Bien évidemment, les ténors de la classe politique comorienne qui ont été interrogés sur la question ont exprimé leur satisfaction sur la position adoptée par le Président et les autres «Grands Élus» comme lui, mais ces gens-là rient jaune, car, pour eux, la date du 14 décembre 2014 vaut juste mieux qu’une date en 2015, comme les tricheurs de la République le suggéraient avec une insistance suspecte. Le contribuable comorien a donc dépensé des millions pour une réunion de fin de semaine qui a duré en tout et pour tout une heure et demie, au cours de laquelle le deuil avait réuni le Président de la République, les trois Vice-présidents, les Gouverneurs des îles, le Président de l’Assemblée et les Présidents des Conseils des îles. Si au moins certains responsables avaient saisi cette occasion pour s’habiller comme il se doit, au lieu de porter ces haillons qui font honte…
La presse aux ordres claironne déjà et annonce, sans nuances, que «le compromis trouvé vendredi à Beït-Salam converge avec la décision prise par la Cour constitutionnelle». Rien n’est plus faux que cette assertion tirée par les cheveux, car la Cour constitutionnelle parle d’avril 2014, et le conclave de la honte, de décembre 2014, soit un écart de 7 mois. 7 mois!

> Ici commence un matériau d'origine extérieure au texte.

lemma foldr_ddiff_staircase_from:
  assumes "m \<le> n" "i \<le> n"
  shows "foldr one_forms.ddiff (reversal_word m n) (single_form (staircase_from m n) i) =
    (if i < m then single_form 1 i else alternating_form n i)"
  using assms(1)
proof (induction m rule: inc_induct)
  case base
  have "single_form 1 n = alternating_form n n"
    by (simp add: single_form_def alternating_form_def fun_eq_iff complete_h_0)
  with assms(2) show ?case by auto
next
  case (step m)
  let ?x = "var m ^ (n - m)"
  let ?v = "if i < Suc m then single_form 1 i else alternating_form n i"
  have "swap_poly k ?x = ?x" if "k \<in> set (reversal_word (Suc m) n)" for k
    using that set_reversal_word[of "Suc m" n] by (auto simp: swap_poly_power swap_poly_var)
  then have "foldr one_forms.ddiff (reversal_word m n) (single_form (staircase_from m n) i) =
      foldr one_forms.ddiff (rev [m..<n]) (\<lambda>l. ?x * ?v l)"
    using step by (simp add: reversal_word_step staircase_from_step single_form_mult
        one_forms.foldr_ddiff_scale_symmetric)
  also have "\<dots> = (if i < m then single_form 1 i else alternating_form n i)"
    using foldr_ddiff_staircase_step[OF step(2)] by simp
  finally show ?case .
qed

lemma omega_times_eq_one_form: "omega_times p i = one_form (single_form p i)"
proof
  fix T
  show "omega_times p i T = one_form (single_form p i) T"
  proof (cases "card T = 1")
    case True
    then obtain l where "T = {l}" by (rule card_1_singletonE)
    then show ?thesis by (simp add: omega_times_def single_form_def)
  qed (auto simp: omega_times_def one_form_def)
qed

lemma foldr_demazure_one_form: "foldr demazure w (one_form v) = one_form (foldr one_forms.ddiff w v)"
  by (induction w) (simp_all add: demazure_one_form)
lemma orbit_mirror_eq:
  assumes \<gamma>: "\<gamma> permutes {0..<n}" and mirror: "mirrors n \<gamma> f {0..<n}" and "d < n"
  shows "orbit \<gamma> (f d) = orbit \<gamma> (f (n - 1 - d))"
proof -
  have "f d = (\<gamma> ^^ (2 * d + 1)) (f (n - 1 - d))"
    using mirror assms(3) unfolding mirrors_def by simp
  also have "\<dots> \<in> orbit \<gamma> (f (n - 1 - d))"
    using \<gamma> permutation_permutes by (blast intro: funpow_in_orbit permutation_self_in_orbit)
  finally show ?thesis
    by (rule orbit_eq_if_mem[OF \<gamma> finite_atLeastLessThan])
qed

text \<open>The positions carrying a cycle of \<open>\<gamma>\<close> are closed under the involution
\<open>d \<mapsto> n - 1 - d\<close>, whose only possible fixed point is the central position.\<close>

lemma odd_orbit_eq_central:
  assumes \<gamma>: "\<gamma> permutes {0..<n}" and f: "bij_betw f {0..<n} {0..<n}"
    and mirror: "mirrors n \<gamma> f {0..<n}" and z: "z < n" "odd (card (orbit \<gamma> z))"
  shows "orbit \<gamma> z = orbit \<gamma> (f ((n - 1) div 2))"
proof -
  define A where "A = {d \<in> {0..<n}. f d \<in> orbit \<gamma> z}"
  have "orbit \<gamma> z \<subseteq> {0..<n}"
    using permutes_orbit_subset[OF \<gamma>] z(1) by simp
  have "f ` A = orbit \<gamma> z"
  proof
    show "f ` A \<subseteq> orbit \<gamma> z"
      unfolding A_def by auto
    show "orbit \<gamma> z \<subseteq> f ` A"
    proof
      fix w assume w: "w \<in> orbit \<gamma> z"
      then have "w \<in> f ` {0..<n}"
        using bij_betw_imp_surj_on[OF f] \<open>orbit \<gamma> z \<subseteq> {0..<n}\<close> by auto
      with w show "w \<in> f ` A"
        unfolding A_def by auto
    qed
  qed
  moreover have "inj_on f A"
    using bij_betw_imp_inj_on[OF f] unfolding A_def by (rule inj_on_subset) auto
  ultimately have "odd (card A)"
    using z(2) card_image by fastforce
  moreover have "n - 1 - d \<in> A" if "d \<in> A" for d
  proof -
    have "orbit \<gamma> (f (n - 1 - d)) = orbit \<gamma> z"
      using that orbit_mirror_eq[OF \<gamma> mirror] orbit_eq_if_mem[OF \<gamma>] unfolding A_def by force
    then show ?thesis
      using that permutation_self_in_orbit \<gamma> permutation_permutes unfolding A_def by fastforce
  qed
  moreover have "finite A"
    unfolding A_def by simp
  ultimately obtain d where "d \<in> A" "n - 1 - d = d"
    using odd_card_involution_has_fixpoint[of A "\<lambda>d. n - 1 - d"] unfolding A_def by auto
  then have "d = (n - 1) div 2" "f d \<in> orbit \<gamma> z"
    unfolding A_def by auto
  then show ?thesis
    using orbit_eq_if_mem[OF \<gamma>] by auto
qed

lemma card_odd_orbits_le_1_iff:
  fixes n :: nat and \<gamma> :: "nat \<Rightarrow> nat"
  shows "card {orbit \<gamma> z | z. z \<in> {0..<n} \<and> odd (card (orbit \<gamma> z))} \<le> 1 \<longleftrightarrow>
    (\<forall>y<n. \<forall>z<n. odd (card (orbit \<gamma> y)) \<longrightarrow> odd (card (orbit \<gamma> z)) \<longrightarrow> orbit \<gamma> y = orbit \<gamma> z)"
proof -
  let ?Z = "{z \<in> {0..<n}. odd (card (orbit \<gamma> z))}"
  have odd_orbits: "{orbit \<gamma> z | z. z \<in> {0..<n} \<and> odd (card (orbit \<gamma> z))} = orbit \<gamma> ` ?Z"
    by auto
  have "finite (orbit \<gamma> ` ?Z)"
    by simp
  then have "card (orbit \<gamma> ` ?Z) \<le> 1 \<longleftrightarrow> (\<forall>a\<in>orbit \<gamma> ` ?Z. \<forall>b\<in>orbit \<gamma> ` ?Z. a = b)"
    unfolding One_nat_def by (rule card_le_Suc0_iff_eq)
  also have "\<dots> \<longleftrightarrow>
      (\<forall>y<n. \<forall>z<n. odd (card (orbit \<gamma> y)) \<longrightarrow> odd (card (orbit \<gamma> z)) \<longrightarrow> orbit \<gamma> y = orbit \<gamma> z)"
    by auto
  finally show ?thesis
    unfolding odd_orbits .
qed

Où est donc la «convergence» entre les deux dates, entre les deux décisions? Elle n’est nulle part. Les Comores se retrouvent, une fois de plus, dans la «jurisprudence Ahmed Sambi», celle de l’allongement des mandats électifs, suite à des accords crapuleux, mafieux et anticonstitutionnels. Ce cas de figure a été vécu en 2010, quand Ahmed Sambi avait refusé d’organiser le scrutin présidentiel pour qu’il quitte Beït-Salam le 26 mai 2010, organisant l’élection en octobre et décembre 2010, et quittant la Présidence de la République le 26 mai 2011, gagnant indument une année de règne, de manière tout à fait indue. Ce sont les dribbles politiques de ce type qui avaient valu à Ibrahim Babangida, Président du Nigeria de 1983 à 1995, le surnom explicite de «Maradona».
Donc, la décision prise le 8 novembre 2013 est anticonstitutionnelle, et logiquement, nulle et non avenue car elle se substitue à celle de la Cour constitutionnelle, juridiction suprême en matière constitutionnelle. Mais, les «génies» qui se sont arrogé le droit d’empoisonner la vie des Comoriens ne sont pas en mesure de le comprendre, leur culture juridique ne le permettant pas. Pour tout dire, le chef de l’État et ses hommes n’ont aucune compétence en matière d’interprétation de la Constitution, cette prérogative revenant exclusivement à la Cour constitutionnelle.
Par ARM
© www.lemohelien.com – Mercredi 13 novembre 2013.